Because last Friday night at our Shabbos table, the reason I have to stay here became crystal clear. Each of us recalled where we were the moment we heard that the three boys were killed. One guest had been in Chicago O’Hare airport. The other was on a cruise. The third was working her nursing shift. All three guests were out of Israel at the time, yet they echoed the same sentiment. In that moment that none of us will ever forget, each of them felt desperately alone. In that moment, when they had absorbed a terrible blow to their hearts, they were surrounded by strangers who were going about their daily lives, completely unaware of the geysers of pain coursing through our bodies – through the body of Klal Yisrael.
When the news flashed on my phone that night in July, before I could even process what it all meant, I told my husband I was going for a walk. I thought I wanted to be alone, but the truth was I wanted to be together – together with my entire family, with everyone who was as broken as I was. As I walked down Rechov Kiryat Moshe, past the light rail stop, and up to the crest of the string bridge, every person I passed was reeling from the same news. Some had a dazed stoic look. Others had tears flowing freely.
As the #bringbackourboys signs flapped in the wind, it felt like the entire city, the entire country, was in mourning – because it was. Because Klal Yisrael is one nation; we are one people, and there is nowhere in the world you can feel that in a way even close to what it feels like here.
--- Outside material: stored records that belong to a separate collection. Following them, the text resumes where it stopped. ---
text \<open>An equilibrium exists by Brouwer's theorem, applied to the map sending a queue vector to the
  queues generated by the flows it induces. At an equilibrium the rates minimise \<open>W (-, \<mu>)\<close>,
  since \<open>rbar i * p i (phi i)\<close> maximises \<open>U i r - phi i * r\<close>; the prices maximise the concave
  function \<open>W (r, -)\<close>, since its supergradient \<open>\<Sum>i. r i * delta i j - c j / (T - \<mu> j)\<close>
  vanishes where \<open>\<mu> j > 0\<close> and is nonpositive where \<open>\<mu> j = 0\<close>; and the flows solve the
  transport problem, because any feasible flow exceeds the objective at \<open>X\<close> by at least
  \<open>\<epsilon>\<close> times its KL divergence from \<open>X\<close>. Conversely, the barrier term makes \<open>W (r, -)\<close>
  strictly concave and the \<open>U i\<close> are strictly concave, so the saddle point is unique, and the
  KL bound makes the transport solution unique; hence every pair of solutions in (i) coincides
  with the equilibrium found by Brouwer's theorem, which is therefore the only one.\<close>

lemma delta_pos: "0 < delta \<epsilon> \<kappa> \<mu> i j"
  unfolding delta_def by (intro divide_pos_pos sum_pos) auto

lemma sum_delta_eq_1: "(\<Sum>j\<in>UNIV. delta \<epsilon> \<kappa> \<mu> i j) = 1"
proof -
  have "(\<Sum>k\<in>UNIV. exp (- (\<kappa> i k + \<mu> k) / \<epsilon>)) > 0" by (intro sum_pos) auto
  then show ?thesis unfolding delta_def by (simp add: sum_divide_distrib[symmetric])
qed

lemma delta_le_1: "delta \<epsilon> \<kappa> \<mu> i j \<le> 1"
  using member_le_sum[of j UNIV "delta \<epsilon> \<kappa> \<mu> i"] by (simp add: less_imp_le[OF delta_pos] sum_delta_eq_1)

lemma eps_ln_delta:
  assumes "\<epsilon> \<noteq> 0"
  shows "\<epsilon> * ln (delta \<epsilon> \<kappa> \<mu> i j) = phi \<epsilon> \<kappa> \<mu> i - \<kappa> i j - \<mu> j"
proof -
  have "(\<Sum>k\<in>UNIV. exp (- (\<kappa> i k + \<mu> k) / \<epsilon>)) > 0" by (intro sum_pos) auto
  then show ?thesis using assms by (simp add: delta_def phi_def ln_div field_simps)
qed

lemma phi_le_tangent:
  assumes "\<epsilon> > 0"
  shows "phi \<epsilon> \<kappa> \<mu>' i \<le> phi \<epsilon> \<kappa> \<mu> i + (\<Sum>j\<in>UNIV. delta \<epsilon> \<kappa> \<mu> i j * (\<mu>' j - \<mu> j))"
proof -
  define Z where "Z = (\<Sum>k\<in>UNIV. exp (- (\<kappa> i k + \<mu> k) / \<epsilon>))"
  define d where "d j = (\<mu>' j - \<mu> j) / \<epsilon>" for j
  have Z_pos: "Z > 0" unfolding Z_def by (intro sum_pos) auto
  have "exp (- (\<kappa> i j + \<mu>' j) / \<epsilon>) = Z * (delta \<epsilon> \<kappa> \<mu> i j * exp (- d j))" for j
    using Z_pos assms by (simp add: delta_def Z_def d_def exp_add[symmetric] field_simps)
  then have sum_eq: "(\<Sum>j\<in>UNIV. exp (- (\<kappa> i j + \<mu>' j) / \<epsilon>))
      = Z * (\<Sum>j\<in>UNIV. delta \<epsilon> \<kappa> \<mu> i j * exp (- d j))"
    by (simp add: sum_distrib_left)
  define D where "D = (\<Sum>j\<in>UNIV. delta \<epsilon> \<kappa> \<mu> i j * d j)"
  have "exp (- D) \<le> (\<Sum>j\<in>UNIV. delta \<epsilon> \<kappa> \<mu> i j * exp (- d j))"
    using convex_on_sum[OF finite UNIV_not_empty exp_convex, of "delta \<epsilon> \<kappa> \<mu> i" "\<lambda>j. - d j"]
    by (simp add: D_def sum_negf sum_delta_eq_1 less_imp_le[OF delta_pos])
  then have "Z * exp (- D) \<le> (\<Sum>j\<in>UNIV. exp (- (\<kappa> i j + \<mu>' j) / \<epsilon>))"
    unfolding sum_eq using Z_pos by simp
  then have "ln Z - D \<le> ln (\<Sum>j\<in>UNIV. exp (- (\<kappa> i j + \<mu>' j) / \<epsilon>))"
    using Z_pos by (subst (asm) ln_le_cancel_iff[symmetric]) (auto simp: ln_mult intro: sum_pos)
  then have "\<epsilon> * (ln Z - D) \<le> \<epsilon> * ln (\<Sum>j\<in>UNIV. exp (- (\<kappa> i j + \<mu>' j) / \<epsilon>))"
    using assms by (intro mult_left_mono) auto
  then have "phi \<epsilon> \<kappa> \<mu>' i \<le> - \<epsilon> * ln Z + \<epsilon> * D"
    by (simp add: phi_def algebra_simps)
  also have "\<epsilon> * D = (\<Sum>j\<in>UNIV. delta \<epsilon> \<kappa> \<mu> i j * (\<mu>' j - \<mu> j))"
    using assms by (simp add: D_def sum_distrib_left d_def)
  finally show ?thesis by (simp add: phi_def Z_def)
qed

lemma mu_of_nonneg: "c > 0 \<Longrightarrow> T > 0 \<Longrightarrow> 0 \<le> mu_of T c q"
  by (auto simp: mu_of_def field_simps)

lemma mu_of_less: "c > 0 \<Longrightarrow> T > 0 \<Longrightarrow> mu_of T c q < T"
  by (auto simp: mu_of_def field_simps)

lemma mu_of_eq_max: "c > 0 \<Longrightarrow> mu_of T c q = T * (1 - c / max q c)"
  by (auto simp: mu_of_def max_def)

lemma beta_ge_tangent:
  assumes c: "c > 0" and T: "T > 0"
  shows "beta c q + mu_of T c q / T * (q' - q) \<le> beta c q'"
proof (cases "q \<le> c")
  case True
  have "c * ln (q' / c) \<le> c * (q' / c - 1)" if "q' > c"
    using that c by (intro mult_left_mono ln_le_minus_one) auto
  then show ?thesis using True c by (auto simp: beta_def mu_of_def right_diff_distrib)
next
  case False
  then have q: "q > c" by simp
  have "beta c q + (1 - c / q) * (q' - q) \<le> beta c q'"
  proof (cases "q' \<le> c")
    case True
    have "c * ln (c / q) \<le> c * (c / q - 1)"
      using ln_le_minus_one[of "c / q"] q c by (intro mult_left_mono) auto
    then have "c * (1 - c / q) \<le> c * ln (q / c)" using q c by (simp add: ln_div algebra_simps)
    moreover have "(1 - c / q) * q' \<le> (1 - c / q) * c" using True q c by (intro mult_left_mono) auto
    moreover have "(1 - c / q) * (q' - q) = (1 - c / q) * q' - q + c"
      using q c by (simp add: field_simps)
    ultimately show ?thesis using True q by (simp add: beta_def algebra_simps)
  next
    case False
    have "c * ln (q' / q) \<le> c * (q' / q - 1)"
      using ln_le_minus_one[of "q' / q"] False q c by (intro mult_left_mono) auto
    moreover have "ln (q' / c) = ln (q' / q) + ln (q / c)" using False q c by (simp add: ln_div)
    ultimately show ?thesis using False q c by (simp add: beta_def field_simps)
  qed
  moreover have "mu_of T c q / T = 1 - c / q" using q T by (simp add: mu_of_def)
  ultimately show ?thesis by simp
qed

definition kl_div :: "real \<Rightarrow> real \<Rightarrow> real" where
  "kl_div y x = xlogx y x - y + x"

text \<open>The hypothesis \<open>x = 0 \<Longrightarrow> y = 0\<close> is needed: the junk values \<open>y / 0 = 0\<close> and
  \<open>ln 0 = 0\<close> make \<open>xlogx y 0 = 0\<close>, so \<open>kl_div y 0 = - y\<close>.\<close>
lemma kl_div_nonneg:
  assumes x: "0 \<le> x" and y: "0 \<le> y" and "x = 0 \<Longrightarrow> y = 0"
  shows "0 \<le> kl_div y x"
proof (cases "y = 0")
  case False
  then have "0 < x" "0 < y" using assms by force+
  then have "y * ln (x / y) \<le> y * (x / y - 1)" by (intro mult_left_mono ln_le_minus_one) auto
  then show ?thesis using \<open>0 < x\<close> \<open>0 < y\<close> by (simp add: kl_div_def xlogx_def ln_div algebra_simps)
qed (use x in \<open>simp add: kl_div_def xlogx_def\<close>)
Surrounded by Am Yisrael; immersed in Am Yisrael, drenched by the rain and the sun and the joy and the tears of Eretz Yisrael, and Am Yisrael.
The raw pain is overwhelming; the fear settles deep into my bones. It is crippling. The thoughts and images that I can’t seem to stop from racing across my mind are too much to assimilate. Yet there is something deeper, a voice inside my soul that says, “Hineini,” here I am. I’m here with my family, in my home, in Jerusalem.
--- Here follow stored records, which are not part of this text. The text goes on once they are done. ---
(* Let $K\subset\mathbb R^2$ be a triangle (resp. an axis-parallel rectangle) and let $k\ge 1$. For every $u\in P_k(K)$ (resp. $u\in Q_k(K)$) there exists $\varphi_u\in P_{k+1}(K)$ (resp. $\varphi_u\in Q_{k+1}(K)$) such that, for every edge $e$ of $K$ with unit tangent vector $\bm\tau_e$, the function $(\mathfrak p u-\nabla\varphi_u)\cdot\bm\tau_e$ is constant on $e$.
   Context: $P_i(K)$ denotes the polynomials of total degree at most $i$ on $K$; $Q_{i}(K)$ the polynomials of degree at most $i$ in each of $x_1$ and $x_2$. With $\bm x=(x_1,x_2)^T$ and $\bm x^\perp=(-x_2,x_1)^T$, the Poincaré operator (with origin at $0\in\mathbb R^2$) is $(\mathfrak p u)(\bm x)=\int_0^1 t\,\bm x^\perp\,u(t\bm x)\,dt$, which maps scalar functions to vector fields. *)

theory Defs
  imports "HOL-Analysis.Analysis"
begin

definition perp :: "real \<times> real \<Rightarrow> real \<times> real" where
  "perp x = (- snd x, fst x)"

definition polyP :: "nat \<Rightarrow> (real \<times> real \<Rightarrow> real) set" where
  "polyP k = {f. \<exists>c :: nat \<Rightarrow> nat \<Rightarrow> real.
      \<forall>x1 x2. f (x1, x2) = (\<Sum>i\<le>k. \<Sum>j\<le>k - i. c i j * x1 ^ i * x2 ^ j)}"

definition polyQ :: "nat \<Rightarrow> (real \<times> real \<Rightarrow> real) set" where
  "polyQ k = {f. \<exists>c :: nat \<Rightarrow> nat \<Rightarrow> real.
      \<forall>x1 x2. f (x1, x2) = (\<Sum>i\<le>k. \<Sum>j\<le>k. c i j * x1 ^ i * x2 ^ j)}"

definition poincare :: "(real \<times> real \<Rightarrow> real) \<Rightarrow> real \<times> real \<Rightarrow> real \<times> real" where
  "poincare u x = integral {0..1} (\<lambda>t. (t * u (t *\<^sub>R x)) *\<^sub>R perp x)"

definition grad :: "(real \<times> real \<Rightarrow> real) \<Rightarrow> real \<times> real \<Rightarrow> real \<times> real" where
  "grad f x = (frechet_derivative f (at x) (1, 0), frechet_derivative f (at x) (0, 1))"

definition tangential_const_on_edge ::
  "(real \<times> real \<Rightarrow> real \<times> real) \<Rightarrow> real \<times> real \<Rightarrow> real \<times> real \<Rightarrow> bool" where
  "tangential_const_on_edge F p q =
     (\<exists>C. \<forall>x\<in>closed_segment p q. F x \<bullet> ((1 / norm (q - p)) *\<^sub>R (q - p)) = C)"

end

theory Submission
  imports Defs "HOL-Computational_Algebra.Polynomial"
begin

text \<open>
  For a polynomial u, the Poincar\'e operator gives \<open>poincare u x = G x *\<^sub>R perp x\<close> with G a
  polynomial of the same kind (the monomial \<open>x\<^sup>\<alpha>\<close> is divided by \<open>|\<alpha>| + 2\<close>). Along an edge
  \<open>p + s (q - p)\<close> the tangential component is therefore \<open>d g(s)\<close>, with \<open>d = perp p \<bullet> (q - p)\<close>
  and g a univariate polynomial of degree at most k. A correction \<open>\<phi>\<close> only has to have derivative
  \<open>d g(s)\<close> up to a constant along each edge. For each edge we take the primitive of g vanishing at
  both endpoints, written as \<open>L M N\<close> times a polynomial in M, where L, M are affine functions
  equal to \<open>1 - s\<close> and \<open>s\<close> on the edge and vanishing on the two adjacent edges, and N is 1 on the
  edge and vanishes on the opposite edge (N = 1 for triangles). These edge bubbles vanish on all
  other edges, so their sum works for all edges at once, and a degree count shows that it lies
  in \<open>P\<^sub>k\<^sub>+\<^sub>1\<close> resp. \<open>Q\<^sub>k\<^sub>+\<^sub>1\<close>.
\<close>

section \<open>Spaces of polynomials in two variables\<close>

definition monom2 :: "nat \<times> nat \<Rightarrow> real \<times> real \<Rightarrow> real" where
  "monom2 s x = fst x ^ fst s * snd x ^ snd s"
It’s been 2,000 years since the family was home together, and despite the sirens, there is no where else I’d rather be – because as I watch a group of teenage boys sitting and having lunch at the kiosk across the street, I know what they are discussing. When I see two elderly women with walkers greeting one another, I know what they are saying. As I pass mothers dropping their children off at gan this morning, I know what they are thinking. I know because we are all one: one heart, one nation, one family.
So while I’m playing with my babies and I hear the announcement of the funeral from the loudspeaker on a car slowly making its way up our street; as tears well up in my eyes when I think of the wives, mothers, sons, and daughters who never got to say goodbye, I’m still happy, still grateful, to be home.